Work item » Scan the material for the word "vertices", then return every line where it appears.

[Supplied records — start]

(* Let $k\geq 2$ be an integer. If $G$ is a cactus on $n$ vertices, then $\alpha_k(G)\geq \Big\lfloor\frac{k}{k+1}\,n\Big\rfloor+1$.
   Context: All graphs are finite and simple, with nonempty vertex set. For a graph $G$, a $k$-sparse set is a set of vertices inducing a subgraph of maximum degree at most $k$, and $\alpha_k(G)$ denotes the maximum size of a $k$-sparse set in $G$. A cactus is a graph (not necessarily connected) in which every block is a cycle, a single edge, or a single vertex. *)

theory Defs
  imports Main
begin

definition graph :: "'a set \<Rightarrow> 'a set set \<Rightarrow> bool" where
  "graph V E \<longleftrightarrow> finite V \<and> V \<noteq> {} \<and> (\<forall>e\<in>E. e \<subseteq> V \<and> card e = 2)"

definition subgraph :: "'a set \<Rightarrow> 'a set set \<Rightarrow> 'a set \<Rightarrow> 'a set set \<Rightarrow> bool" where
  "subgraph W F V E \<longleftrightarrow> W \<subseteq> V \<and> F \<subseteq> E \<and> (\<forall>e\<in>F. e \<subseteq> W)"

definition connected_graph :: "'a set \<Rightarrow> 'a set set \<Rightarrow> bool" where
  "connected_graph W F \<longleftrightarrow>
     (\<forall>u\<in>W. \<forall>v\<in>W. (\<lambda>x y. {x, y} \<in> F)\<^sup>*\<^sup>* u v)"

definition del_vertex_edges :: "'a \<Rightarrow> 'a set set \<Rightarrow> 'a set set" where
  "del_vertex_edges v F = {e\<in>F. v \<notin> e}"

definition nonseparable :: "'a set \<Rightarrow> 'a set set \<Rightarrow> bool" where
  "nonseparable W F \<longleftrightarrow> W \<noteq> {} \<and> connected_graph W F \<and>
     (\<forall>v\<in>W. connected_graph (W - {v}) (del_vertex_edges v F))"

definition block :: "'a set \<Rightarrow> 'a set set \<Rightarrow> 'a set \<Rightarrow> 'a set set \<Rightarrow> bool" where
  "block W F V E \<longleftrightarrow> subgraph W F V E \<and> nonseparable W F \<and>
     (\<forall>W' F'. subgraph W' F' V E \<and> nonseparable W' F' \<and> W \<subseteq> W' \<and> F \<subseteq> F'
        \<longrightarrow> W' = W \<and> F' = F)"

definition degree :: "'a set set \<Rightarrow> 'a \<Rightarrow> nat" where
  "degree F v = card {u. {v, u} \<in> F}"

definition is_cycle_graph :: "'a set \<Rightarrow> 'a set set \<Rightarrow> bool" where
  "is_cycle_graph W F \<longleftrightarrow> card W \<ge> 3 \<and> connected_graph W F \<and> (\<forall>v\<in>W. degree F v = 2)"

definition is_single_edge :: "'a set \<Rightarrow> 'a set set \<Rightarrow> bool" where
  "is_single_edge W F \<longleftrightarrow> card W = 2 \<and> F = {W}"

definition is_single_vertex :: "'a set \<Rightarrow> 'a set set \<Rightarrow> bool" where
  "is_single_vertex W F \<longleftrightarrow> card W = 1 \<and> F = {}"

definition cactus :: "'a set \<Rightarrow> 'a set set \<Rightarrow> bool" where
  "cactus V E \<longleftrightarrow> graph V E \<and>
     (\<forall>W F. block W F V E \<longrightarrow>
        is_cycle_graph W F \<or> is_single_edge W F \<or> is_single_vertex W F)"

definition k_sparse :: "nat \<Rightarrow> 'a set \<Rightarrow> 'a set set \<Rightarrow> 'a set \<Rightarrow> bool" where
  "k_sparse k V E S \<longleftrightarrow> S \<subseteq> V \<and> (\<forall>v\<in>S. card {u\<in>S. {v, u} \<in> E} \<le> k)"

definition alpha_k :: "nat \<Rightarrow> 'a set \<Rightarrow> 'a set set \<Rightarrow> nat" where
  "alpha_k k V E = Max (card ` {S. k_sparse k V E S})"

end

theory Submission
  imports Defs "HOL-Library.Product_Order"
begin

text \<open>The proof strengthens the statement so that it can be proved by induction on the vertex
  set U: every vertex x gets a capacity c x \<le> k, and we look for a set D whose deletion leaves
  each remaining x with at most c x neighbours, at the cost (k + 1) |D| + \<Sum>c < (k + 1) |U|.
  For c = k this gives (k + 1) |D| < n, which is the claim. Capacities allow local reductions
  that delete a few vertices and lower the capacities of their surviving neighbours: split a
  disconnected graph, delete a vertex of capacity 0, cut off a pendant part hanging at a single
  vertex, and handle a vertex of capacity 1 and degree 2 together with its neighbours.
  The only property of cacti the induction uses is that a vertex has at most two neighbours in
  any connected set of vertices avoiding it; this forces all degrees in an end block to be at
  most 2, which is where the last reduction applies.\<close>

section \<open>Connectivity inside a vertex set\<close>

definition induced_edges :: "'a set set \<Rightarrow> 'a set \<Rightarrow> 'a set set" where
  "induced_edges E A = {e \<in> E. e \<subseteq> A}"

definition reach_in :: "'a set set \<Rightarrow> 'a set \<Rightarrow> 'a \<Rightarrow> 'a \<Rightarrow> bool" where
  "reach_in E A = (\<lambda>x y. {x, y} \<in> induced_edges E A)\<^sup>*\<^sup>*"

definition component_in :: "'a set set \<Rightarrow> 'a set \<Rightarrow> 'a \<Rightarrow> 'a set" where
  "component_in E A u = {v. reach_in E A u v}"

abbreviation connected_in :: "'a set set \<Rightarrow> 'a set \<Rightarrow> bool" where
  "connected_in E A \<equiv> connected_graph A (induced_edges E A)"

definition nbrs :: "'a set set \<Rightarrow> 'a \<Rightarrow> 'a set" where
  "nbrs E x = {y. {x, y} \<in> E}"

lemma doubleton_in_induced_edges [simp]:
  "{x, y} \<in> induced_edges E A \<longleftrightarrow> {x, y} \<in> E \<and> x \<in> A \<and> y \<in> A"
  by (auto simp: induced_edges_def)

lemma del_vertex_edges_induced_edges:
  "del_vertex_edges v (induced_edges E A) = induced_edges E (A - {v})"
  by (auto simp: del_vertex_edges_def induced_edges_def)

lemma mem_component_in [simp]: "v \<in> component_in E A u \<longleftrightarrow> reach_in E A u v"
  by (simp add: component_in_def)

lemma connected_in_iff: "connected_in E A \<longleftrightarrow> (\<forall>u\<in>A. \<forall>v\<in>A. reach_in E A u v)"
  by (simp add: connected_graph_def reach_in_def)

lemma reach_in_refl [simp]: "reach_in E A u u"
  by (simp add: reach_in_def)

lemma reach_in_trans [trans]: "reach_in E A u v \<Longrightarrow> reach_in E A v w \<Longrightarrow> reach_in E A u w"
  unfolding reach_in_def by (rule rtranclp_trans)

lemma reach_in_sym: "reach_in E A u v \<Longrightarrow> reach_in E A v u"
proof -
  have "symp (\<lambda>x y. {x, y} \<in> induced_edges E A)"
    by (rule sympI) (simp add: insert_commute)
  then show "reach_in E A u v \<Longrightarrow> reach_in E A v u"
    unfolding reach_in_def by (blast dest: sympD[OF symp_rtranclp])
qed

lemma reach_in_edge: "{u, v} \<in> E \<Longrightarrow> u \<in> A \<Longrightarrow> v \<in> A \<Longrightarrow> reach_in E A u v"
  unfolding reach_in_def by (rule r_into_rtranclp) simp

lemma reach_in_closed: "reach_in E A u v \<Longrightarrow> u \<in> A \<Longrightarrow> v \<in> A"
  unfolding reach_in_def by (induction rule: rtranclp_induct) auto

lemma reach_in_exists_nbr:
  assumes "reach_in E A x y" "x \<noteq> y"
  shows "\<exists>z\<in>A. {x, z} \<in> E"
  using assms unfolding reach_in_def by (cases rule: converse_rtranclpE) auto

lemma connected_in_nbrs_nonempty:
  assumes "connected_in E A" "x \<in> A" "y \<in> A" "x \<noteq> y"
  shows "nbrs E x \<inter> A \<noteq> {}"
  using assms reach_in_exists_nbr[of E A x y] by (auto simp: connected_in_iff nbrs_def)

lemma component_in_subset: "u \<in> A \<Longrightarrow> component_in E A u \<subseteq> A"
  using reach_in_closed by fastforce

lemma reach_in_mono: "A \<subseteq> B \<Longrightarrow> reach_in E A u v \<Longrightarrow> reach_in E B u v"
  unfolding reach_in_def
  by (erule rtranclp_mono[THEN predicate2D, rotated]) auto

[Supplied records — finish]

Task solution »
(* Let $k\geq 2$ be an integer. If $G$ is a cactus on $n$ vertices, then $\alpha_k(G)\geq \Big\lfloor\frac{k}{k+1}\,n\Big\rfloor+1$.
   Context: All graphs are finite and simple, with nonempty vertex set. For a graph $G$, a $k$-sparse set is a set of vertices inducing a subgraph of maximum degree at most $k$, and $\alpha_k(G)$ denotes the maximum size of a $k$-sparse set in $G$. A cactus is a graph (not necessarily connected) in which every block is a cycle, a single edge, or a single vertex. *)
  that delete a few vertices and lower the capacities of their surviving neighbours: split a
  any connected set of vertices avoiding it; this forces all degrees in an end block to be at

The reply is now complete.